In all short sales, there must be a documented form of hardship on the seller’s behalf. This can be attributed to any number of things ranging from reduction in work hours, job loss, divorce, illness, etc that is affecting the seller’s ability to pay their mortgage. The lender will require this hardship to be outlined in detail in the form of a hardship letter.
Short sales are viewed favorably by sellers because there is less long-term damage to their credit as opposed to foreclosure. Also, lenders prefer short sales many times, as this is far less costly for them then going through the foreclosure process.
Navigating the short sale process can prove challenging as various lenders have different guidelines, requirements and lender specific forms to be filled out. Ideally, listing agents will have already been working with their sellers and the specific lender to accumulate necessary financial documents, etc that the lender requires before the property hits the market.

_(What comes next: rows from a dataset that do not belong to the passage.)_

definition neginv :: "rat option \<Rightarrow> rat option" where
  "neginv v = (case v of None \<Rightarrow> Some 0
                | Some x \<Rightarrow> if x = 0 then None else Some (- 1 / x))"

definition qshift1 :: "qfun option \<Rightarrow> qfun option" where
  "qshift1 v = map_option (\<lambda>y. qvar * y + 1) v"

definition qneginv :: "qfun option \<Rightarrow> qfun option" where
  "qneginv v = (case v of None \<Rightarrow> Some 0
                 | Some y \<Rightarrow> if y = 0 then None else Some (- 1 / (qvar * y)))"

definition is_qdeformation :: "(rat option \<Rightarrow> qfun option) \<Rightarrow> bool" where
  "is_qdeformation f \<longleftrightarrow>
     f (Some 0) = Some 0 \<and>
     (\<forall>x. f (shift1 x) = qshift1 (f x)) \<and>
     (\<forall>x. f (neginv x) = qneginv (f x))"

definition qdeform :: "rat option \<Rightarrow> qfun option" where
  "qdeform = (THE f. is_qdeformation f)"

definition qnumden :: "rat \<Rightarrow> int poly \<times> int poly" where
  "qnumden x = (THE (N, D). coprime N D \<and> lead_coeff N > 0 \<and> lead_coeff D > 0 \<and>
                   qdeform (Some x) = Some (Fract N D))"

definition qN :: "rat \<Rightarrow> int poly" where "qN x = fst (qnumden x)"
definition qD :: "rat \<Rightarrow> int poly" where "qD x = snd (qnumden x)"

text \<open>Self-reciprocal: q^(deg P) P(1/q) = P(q) (checked as an identity of functions
  on nonzero complex numbers, equivalent to the identity of rational functions).\<close>
definition self_reciprocal :: "int poly \<Rightarrow> bool" where
  "self_reciprocal P \<longleftrightarrow>
     (\<forall>z::complex. z \<noteq> 0 \<longrightarrow>
        z ^ degree P * poly (map_poly of_int P) (inverse z) = poly (map_poly of_int P) z)"

definition monic_both :: "int poly \<Rightarrow> bool" where
  "monic_both P \<longleftrightarrow> lead_coeff P = 1 \<and> coeff P (LEAST i. coeff P i \<noteq> 0) = 1"

definition positive_coeffs :: "int poly \<Rightarrow> bool" where
  "positive_coeffs P \<longleftrightarrow> (\<forall>i \<le> degree P. coeff P i > 0)"

definition qA :: "rat \<Rightarrow> int poly" where
  "qA x = [:0, 1:] * qN x * qN (1 / x) + qD x * qD (1 / x)"
definition qB :: "rat \<Rightarrow> int poly" where
  "qB x = qN x * qD (1 / x) - qD x * qN (1 / x)"
definition qC :: "rat \<Rightarrow> int poly" where
  "qC x = [:0, 1:] * qN x ^ 2 + qD x ^ 2"

end

theory Submission
  imports Defs "HOL-Computational_Algebra.Polynomial_Factorial"
begin

text \<open>
  The pairs (N, D) for m/n are produced by the subtractive Euclidean algorithm from (1, 1),
  using [x + 1]_q = q [x]_q + 1 and [x/(1 + x)]_q = q [x]_q / (1 + q [x]_q). Along the way the
  pairs of x and 1/x stay mirror images of each other in a common degree k:
  N_x(q) = q^k D_(1/x)(1/q) and N_(1/x)(q) = q^k D_x(1/q), while the denominators have constant
  term 1 and no zero coefficient up to their degree. The mirror symmetry makes A and B palindromic,
  hence self-reciprocal with leading coefficient equal to the constant term 1. Positivity holds
  because each of A, B, C is a sum of products with nonnegative coefficients whose supports are
  intervals that together cover all degrees.
\<close>

section \<open>Reciprocal polynomials\<close>

definition reciprocal :: "nat \<Rightarrow> 'a::comm_semiring_1 poly \<Rightarrow> 'a poly" where
  "reciprocal k p = monom 1 (k - degree p) * reflect_poly p"

lemma coeff_reciprocal:
  assumes "degree p \<le> k"
  shows "coeff (reciprocal k p) i = (if i \<le> k then coeff p (k - i) else 0)"
  using assms by (auto simp: reciprocal_def coeff_monom_mult coeff_reflect_poly coeff_eq_0)

lemma degree_reciprocal_le: "degree p \<le> k \<Longrightarrow> degree (reciprocal k p) \<le> k"
  by (rule degree_le) (simp add: coeff_reciprocal)

lemma reciprocal_reciprocal: "degree p \<le> k \<Longrightarrow> reciprocal k (reciprocal k p) = p"
  by (rule poly_eqI) (simp add: coeff_reciprocal degree_reciprocal_le coeff_eq_0)

lemma reciprocal_add:
  "degree p \<le> k \<Longrightarrow> degree q \<le> k \<Longrightarrow> reciprocal k (p + q) = reciprocal k p + reciprocal k q"
  by (rule poly_eqI) (simp add: coeff_reciprocal degree_add_le)

lemma reciprocal_diff:
  fixes p q :: "'a::comm_ring_1 poly"
  assumes "degree p \<le> k" "degree q \<le> k"
  shows "reciprocal k (p - q) = reciprocal k p - reciprocal k q"
  by (rule poly_eqI) (simp add: assms coeff_reciprocal degree_diff_le)

lemma reciprocal_mult:
  fixes p q :: "'a::{comm_semiring_1,semiring_no_zero_divisors} poly"
  assumes "degree p \<le> a" "degree q \<le> b"
  shows "reciprocal (a + b) (p * q) = reciprocal a p * reciprocal b q"
proof (cases "p = 0 \<or> q = 0")
  case False
  then have "a + b - degree (p * q) = (a - degree p) + (b - degree q)"
    using assms by (simp add: degree_mult_eq)
  then show ?thesis
    by (simp add: reciprocal_def reflect_poly_mult mult_monom ac_simps)
qed (auto simp: reciprocal_def)

lemma reflect_poly_eq_reciprocal: "reflect_poly p = reciprocal (degree p) p"
  by (simp add: reciprocal_def)

lemma reciprocal_Suc:
  "degree p \<le> k \<Longrightarrow> reciprocal (Suc k) p = pCons 0 (reciprocal k p)"
  by (rule poly_eqI) (auto simp: coeff_reciprocal coeff_pCons coeff_eq_0 Suc_diff_le split: nat.split)

lemma reciprocal_Suc_pCons_0:
  "degree p \<le> k \<Longrightarrow> reciprocal (Suc k) (pCons 0 p) = reciprocal k p"
  by (rule poly_eqI)
    (auto simp: coeff_reciprocal coeff_pCons Suc_diff_le order.trans[OF degree_pCons_le] split: nat.split)

lemma
  fixes p :: "'a::comm_semiring_1 poly"
  assumes "degree p \<le> k" "reciprocal k p = p" "coeff p 0 \<noteq> 0"
  shows degree_reciprocal_fixed: "degree p = k"
    and lead_coeff_reciprocal_fixed: "lead_coeff p = coeff p 0"
proof -
  have top: "coeff p k = coeff p 0"
    using coeff_reciprocal[OF assms(1), of k] assms(2) by simp
  show deg: "degree p = k"
    using le_degree[of p k] top assms by simp
  show "lead_coeff p = coeff p 0" using top deg by simp
qed
lemma pderiv_var_diff: "pderiv_var i (f - g) = pderiv_var i f - pderiv_var i g"
  by (rule poly_mapping_eqI) (simp add: lookup_pderiv_var lookup_minus algebra_simps)

lemma pderiv_var_Const_mult: "pderiv_var i (Const c * f) = Const c * pderiv_var i f"
  by (rule poly_mapping_eqI) (simp add: lookup_pderiv_var lookup_Const_mult mult.left_commute)

lemma pderiv_var_Const: "pderiv_var i (Const c) = 0"
proof (rule poly_mapping_eqI)
  fix k
  have "lookup (k + var_exp i) i \<noteq> 0"
    by (simp add: lookup_add)
  then have "k + var_exp i \<noteq> 0"
    by auto
  then show "lookup (pderiv_var i (Const c)) k = lookup 0 k"
    by (simp add: lookup_pderiv_var lookup_Const)
qed

lemma pderiv_var_commute: "pderiv_var i (pderiv_var j f) = pderiv_var j (pderiv_var i f)"
  by (rule poly_mapping_eqI) (simp add: lookup_pderiv_var lookup_add lookup_single when_def add_ac)

lemma pderiv_var_Var_mult:
  "pderiv_var i (Var j * f) = Var j * pderiv_var i f + (if i = j then f else 0)"
proof (rule poly_mapping_eqI)
  fix k
  show "lookup (pderiv_var i (Var j * f)) k = lookup (Var j * pderiv_var i f + (if i = j then f else 0)) k"
  proof (cases "i = j")
    case True
    have "lookup (k - var_exp i) i = lookup k i - 1"
      by (simp add: lookup_minus)
    with True show ?thesis
      using diff_var_exp_add_var_exp[of k i] add_var_exp_diff_var_exp[of k i]
      by (simp add: lookup_pderiv_var lookup_Var_mult lookup_add)
        (auto simp: distrib_left distrib_right of_nat_diff)
  next
    case False
    then have "0 < lookup k j \<Longrightarrow> k + var_exp i - var_exp j = k - var_exp j + var_exp i"
      by (intro poly_mapping_eqI) (auto simp: lookup_add lookup_minus lookup_single when_def)
    with False show ?thesis
      by (simp add: lookup_pderiv_var lookup_Var_mult lookup_add lookup_minus lookup_single)
  qed
qed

After the buyer and seller come to terms, that agreed upon contract is sent off to the lender for their approval. The lender goes over the seller’s financials, short sale information packet, along with other pertinent information. The lender then presents that file to the investor and/or private mortgage insurance company (PMI) for their approval. If all agree to sales price, sale proceeds and terms, the lender will issue short sale approval!
Once approval is granted typically the buyer and seller have 45-60 days to complete the transaction.
Above all, patience is necessary. Institutions are overwhelmed with short sales these days as homeowners seek to avoid default. The above steps outlined can take anywhere from days to weeks, to sometimes months. One of the key factors in the time a short sale takes is the seller’s preparedness and cooperation in providing their documentation.
Thankfully, as the process has gotten more streamlined, we are seeing quicker turn around times, which is great!
Currently I have three short sale properties in escrow, two of which I am the listing agent. Before you get involved in a short sale, be certain that you are working with a Realtor that has a firm grasp of the short sale process. In working towards sale approval, 80% of the work in a short sale transaction falls on the seller’s listing agent. You want to be certain the seller has their financial documents and short sale packet together and ready for submission, so their lender can approve the transaction!